He adopts a gumshoe voice. ‘Well, tough shit, sweetheart, ’cause I ain’t going nowhere.’ As a jilted lover, Ian has found a commitment and aggression that he never possessed as a stand-up comedian, and he is certainly putting on quite a show tonight. ‘Couldn’t afford to anyway.’
She feels like heckling him. ‘I take it you’re not doing a lot of stand-up comedy at the moment, then, Ian?’

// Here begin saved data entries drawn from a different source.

(* Let $y>3$. Then for every integer $k$ with $1\le k\le\log(y)/3$, \[\sum_{m=1}^\infty d_k(m)e^{-m/y}\ll y(\log(3y))^{k+2}.\]
   Context: $d_k$ is the $k$-fold divisor function, i.e. the multiplicative function with $d_k(p^\nu)=\Gamma(k+\nu)/(\Gamma(k)\nu!)$, the Dirichlet coefficients of $\zeta(s)^k$. *)

theory Defs
  imports "HOL-Analysis.Analysis" "HOL-Computational_Algebra.Primes"
begin

text \<open>The k-fold divisor function: multiplicative, with
  d_k(p^v) = Gamma(k+v)/(Gamma(k) v!) = (k+v-1 gchoose v).\<close>
definition divisor_k :: "real \<Rightarrow> nat \<Rightarrow> real" where
  "divisor_k k n = (\<Prod>p\<in>prime_factors n. (k + real (multiplicity p n) - 1) gchoose (multiplicity p n))"

end

theory Submission
  imports Defs
begin

(* Rankin's trick: for 1 < s \<le> 2 one has exp(-m/y) \<le> 4 (y/m)^s, so the sum is at most
   4 y^s \<Sum> d_k(m) m^-s.  By unique factorisation and the negative binomial series the partial
   sums of this Dirichlet series are bounded by the Euler product \<Prod>_p (1 - p^-s)^-k, and
   \<Prod>_p (1 - p^-s)^-1 is bounded by the partial sums of zeta(s), hence by 1 + 1/(s - 1).
   Choosing s = 1 + 1/log y makes y^s = e y and 1 + 1/(s - 1) = 1 + log y \<le> log(3y).  This gives
   the stronger bound 4e y log(3y)^k. *)

lemma powr_neg_le_telescope:
  fixes s :: real
  assumes "s > 1" "n \<ge> 2"
  shows "real n powr (-s) \<le> (real (n - 1) powr (1 - s) - real n powr (1 - s)) / (s - 1)"
proof -
  have n1: "real (n - 1) = real n - 1" "real n - 1 > 0" using assms(2) by auto
  have "((\<lambda>t. t powr (1 - s)) has_real_derivative (1 - s) * t powr (1 - s - 1)) (at t)"
    if "real n - 1 \<le> t" "t \<le> real n" for t
    using that n1 by (auto intro!: derivative_eq_intros)
  from MVT2[of "real n - 1" "real n", OF _ this] obtain z where z: "real n - 1 < z" "z < real n"
    and mvt: "real n powr (1 - s) - (real n - 1) powr (1 - s)
              = (real n - (real n - 1)) * ((1 - s) * z powr (1 - s - 1))"
    by auto
  have "real n powr (-s) \<le> z powr (-s)"
    using z n1 assms(1) by (intro powr_mono2') auto
  also have "\<dots> = ((real n - 1) powr (1 - s) - real n powr (1 - s)) / (s - 1)"
    using mvt assms(1) by (simp add: field_simps)
  finally show ?thesis using n1 by simp
qed

lemma sum_powr_neg_le:
  fixes s :: real
  assumes "s > 1"
  shows "(\<Sum>n=1..N. real n powr (-s)) \<le> 1 + 1 / (s - 1)"
proof (cases "N = 0")
  case False
  define g where "g n = real n powr (1 - s) / (s - 1)" for n :: nat
  have "(\<Sum>n=1..N. real n powr (-s)) = 1 + (\<Sum>n=Suc 1..N. real n powr (-s))"
    using False by (simp add: sum.atLeast_Suc_atMost)
  also have "(\<Sum>n=Suc 1..N. real n powr (-s)) \<le> (\<Sum>n=Suc 1..N. (- g n) - (- g (n - 1)))"
    unfolding g_def using powr_neg_le_telescope[OF assms] by (intro sum_mono) (simp add: diff_divide_distrib)
  also have "\<dots> = g 1 - g N"
    using False sum_telescope''[of 1 N "\<lambda>n. - g n"] by simp
  also have "\<dots> \<le> 1 / (s - 1)"
    using assms by (simp add: g_def)
  finally show ?thesis by simp
qed (use assms in simp)

lemma prod_prime_factors_mono_neutral:
  fixes m :: nat and G :: "nat \<Rightarrow> nat \<Rightarrow> 'a::comm_monoid_mult"
  assumes "m > 0" "finite P" "\<And>p. p \<in> P \<Longrightarrow> prime p" "prime_factors m \<subseteq> P" "\<And>p. G p 0 = 1"
  shows "(\<Prod>p\<in>prime_factors m. G p (multiplicity p m)) = (\<Prod>p\<in>P. G p (multiplicity p m))"
proof (rule prod.mono_neutral_left[OF assms(2,4)], intro ballI)
  fix p assume "p \<in> P - prime_factors m"
  then have "multiplicity p m = 0"
    using assms(1,3) by (auto simp: prime_factors_multiplicity)
  then show "G p (multiplicity p m) = 1" using assms(5) by simp
qed

lemma prod_prime_powers_multiplicity:
  fixes m :: nat
  assumes "m > 0" "finite P" "\<And>p. p \<in> P \<Longrightarrow> prime p" "prime_factors m \<subseteq> P"
  shows "(\<Prod>p\<in>P. p ^ multiplicity p m) = m"
proof -
  have "(\<Prod>p\<in>P. p ^ multiplicity p m) = (\<Prod>p\<in>prime_factors m. p ^ multiplicity p m)"
    using prod_prime_factors_mono_neutral[OF assms, of "\<lambda>p j. p ^ j"] by simp
  also have "\<dots> = m"
    using assms(1) by (simp add: prod_prime_factors)
  finally show ?thesis .
qed

lemma realpow_powr:
  fixes x a :: real
  assumes "x > 0"
  shows "(x ^ n) powr a = (x powr a) ^ n"
proof -
  have "(x ^ n) powr a = (x powr real n) powr a"
    using assms by (simp add: powr_realpow)
  also have "\<dots> = (x powr a) ^ n"
    using assms by (simp add: powr_powr powr_power mult.commute)
  finally show ?thesis .
qed

lemma powr_eq_prod_prime_powers:
  fixes m :: nat and a :: real
  assumes "m > 0" "finite P" "\<And>p. p \<in> P \<Longrightarrow> prime p" "prime_factors m \<subseteq> P"
  shows "real m powr a = (\<Prod>p\<in>P. (real p powr a) ^ multiplicity p m)"
proof -
  have "real m powr a = real (\<Prod>p\<in>P. p ^ multiplicity p m) powr a"
    by (simp only: prod_prime_powers_multiplicity[OF assms])
  also have "\<dots> = (\<Prod>p\<in>P. (real p ^ multiplicity p m) powr a)"
    by (simp only: of_nat_prod of_nat_power prod_powr_distrib)
  also have "\<dots> = (\<Prod>p\<in>P. (real p powr a) ^ multiplicity p m)"
    using assms(3) by (intro prod.cong refl realpow_powr) (simp add: prime_gt_0_nat)
  finally show ?thesis .
qed

definition prime_power_products :: "nat set \<Rightarrow> nat \<Rightarrow> nat set" where
  "prime_power_products P M = {n. n > 0 \<and> prime_factors n \<subseteq> P \<and> (\<forall>p\<in>P. multiplicity p n < M)}"

lemma bij_betw_prime_power_products:
  assumes "finite P" "\<And>p. p \<in> P \<Longrightarrow> prime p"
  shows "bij_betw (\<lambda>g. \<Prod>p\<in>P. p ^ g p) (PiE P (\<lambda>_. {..<M})) (prime_power_products P M)"
proof (rule bij_betwI[where g = "\<lambda>n. restrict (\<lambda>p. multiplicity p n) P"])
  have mult: "multiplicity q (\<Prod>p\<in>P. p ^ g p) = (if q \<in> P then g q else 0)" if "prime q" for q g
    using multiplicity_prod_prime_powers[OF assms that] .
  show "(\<lambda>g. \<Prod>p\<in>P. p ^ g p) \<in> PiE P (\<lambda>_. {..<M}) \<rightarrow> prime_power_products P M"
    using assms(2) by (auto simp: prime_power_products_def prime_factors_multiplicity mult prime_gt_0_nat
                            intro!: prod_pos split: if_splits)
  show "(\<lambda>n. restrict (\<lambda>p. multiplicity p n) P) \<in> prime_power_products P M \<rightarrow> PiE P (\<lambda>_. {..<M})"
    by (auto simp: prime_power_products_def)
  show "restrict (\<lambda>p. multiplicity p (\<Prod>p\<in>P. p ^ g p)) P = g" if "g \<in> PiE P (\<lambda>_. {..<M})" for g
    using that assms(2) by (intro PiE_ext[OF _ that]) (auto simp: mult)
  show "(\<Prod>p\<in>P. p ^ restrict (\<lambda>p. multiplicity p n) P p) = n" if "n \<in> prime_power_products P M" for n
  proof -
    have "(\<Prod>p\<in>P. p ^ restrict (\<lambda>p. multiplicity p n) P p) = (\<Prod>p\<in>P. p ^ multiplicity p n)"
      by (intro prod.cong) auto
    also have "\<dots> = n"
      using that by (intro prod_prime_powers_multiplicity assms) (auto simp: prime_power_products_def)
    finally show ?thesis .
  qed
qed

lemma prod_sum_eq_sum_prime_power_products:
  fixes F :: "nat \<Rightarrow> nat \<Rightarrow> 'a::comm_semiring_1"
  assumes "finite P" "\<And>p. p \<in> P \<Longrightarrow> prime p"
  shows "(\<Prod>p\<in>P. \<Sum>j<M. F p j) = (\<Sum>n\<in>prime_power_products P M. \<Prod>p\<in>P. F p (multiplicity p n))"
proof -
  have "(\<Prod>p\<in>P. \<Sum>j<M. F p j) = (\<Sum>g\<in>PiE P (\<lambda>_. {..<M}). \<Prod>p\<in>P. F p (g p))"
    using assms(1) by (rule prod_sum_PiE) simp
  also have "\<dots> = (\<Sum>g\<in>PiE P (\<lambda>_. {..<M}).
                        \<Prod>p\<in>P. F p (multiplicity p (\<Prod>q\<in>P. q ^ g q)))"
    using assms by (intro sum.cong prod.cong refl) (simp add: multiplicity_prod_prime_powers)
  also have "\<dots> = (\<Sum>n\<in>prime_power_products P M. \<Prod>p\<in>P. F p (multiplicity p n))"
    by (rule sum.reindex_bij_betw[OF bij_betw_prime_power_products[OF assms]])
  finally show ?thesis .
qed

lemma finite_prime_power_products:
  assumes "finite P" "\<And>p. p \<in> P \<Longrightarrow> prime p"
  shows "finite (prime_power_products P M)"
  using bij_betw_finite[OF bij_betw_prime_power_products[OF assms, of M]] assms(1)
  by (simp add: finite_PiE)

lemma prod_geometric_partial_le:
  fixes s :: real
  assumes "s > 1" "finite P" "\<And>p. p \<in> P \<Longrightarrow> prime p"
  shows "(\<Prod>p\<in>P. \<Sum>j<M. (real p powr (-s)) ^ j) \<le> 1 + 1 / (s - 1)"
proof -
  define T where "T = prime_power_products P M"
  have "(\<Prod>p\<in>P. \<Sum>j<M. (real p powr (-s)) ^ j)
        = (\<Sum>n\<in>T. \<Prod>p\<in>P. (real p powr (-s)) ^ multiplicity p n)"
    unfolding T_def by (rule prod_sum_eq_sum_prime_power_products[OF assms(2,3)])
  also have "\<dots> = (\<Sum>n\<in>T. real n powr (-s))"
    using assms(2,3) by (intro sum.cong refl powr_eq_prod_prime_powers[symmetric])
                        (auto simp: T_def prime_power_products_def)
  also have "\<dots> \<le> (\<Sum>n=1..Max T. real n powr (-s))"
    using finite_prime_power_products[OF assms(2,3)]
    by (intro sum_mono2) (auto simp: T_def prime_power_products_def Suc_le_eq)
  also have "\<dots> \<le> 1 + 1 / (s - 1)"
    by (rule sum_powr_neg_le[OF assms(1)])
  finally show ?thesis .
qed

lemma euler_product_le:
  fixes s :: real
  assumes "s > 1" "finite P" "\<And>p. p \<in> P \<Longrightarrow> prime p"
  shows "(\<Prod>p\<in>P. 1 / (1 - real p powr (-s))) \<le> 1 + 1 / (s - 1)"
proof (rule LIMSEQ_le_const2)
  show "(\<lambda>M. \<Prod>p\<in>P. \<Sum>j<M. (real p powr (-s)) ^ j)
          \<longlonglongrightarrow> (\<Prod>p\<in>P. 1 / (1 - real p powr (-s)))"
  proof (rule tendsto_prod)
    fix p assume "p \<in> P"
    then have "real p > 1" using assms(3) prime_gt_1_nat by auto
    then have "norm (real p powr (-s)) < 1" using assms(1) by (simp add: powr_less_one)
    from geometric_sums[OF this]
    show "(\<lambda>M. \<Sum>j<M. (real p powr (-s)) ^ j) \<longlonglongrightarrow> 1 / (1 - real p powr (-s))"
      by (simp add: sums_def)
  qed
qed (use prod_geometric_partial_le[OF assms] in blast)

‘What do you think, sweetheart?’ he says, putting his arms out to the side, indicating the stubble, the unwashed hair, the sallow skin; his look-what-you’ve-done-to-me look. Ian is making a spectacle of his self-pity, a one-man-show of loneliness and rejection that he’s been working up for the last six months and, tonight at least, Emma has no time for it.
‘Where’s this “sweetheart” thing come from, Ian? I’m not sure if I like it.’
He returns to his search and mumbles something into the drawer, ‘fuck off, Em’ perhaps. Is he drunk, she wonders? On the dressing table, there’s an open can of strong cheap lager. Drunk – now there’s a good idea. At that moment, Emma decides to set out to get drunk as soon as possible. Why not? It seems to work for everyone else. Excited by the project, she walks to the kitchen to make a start.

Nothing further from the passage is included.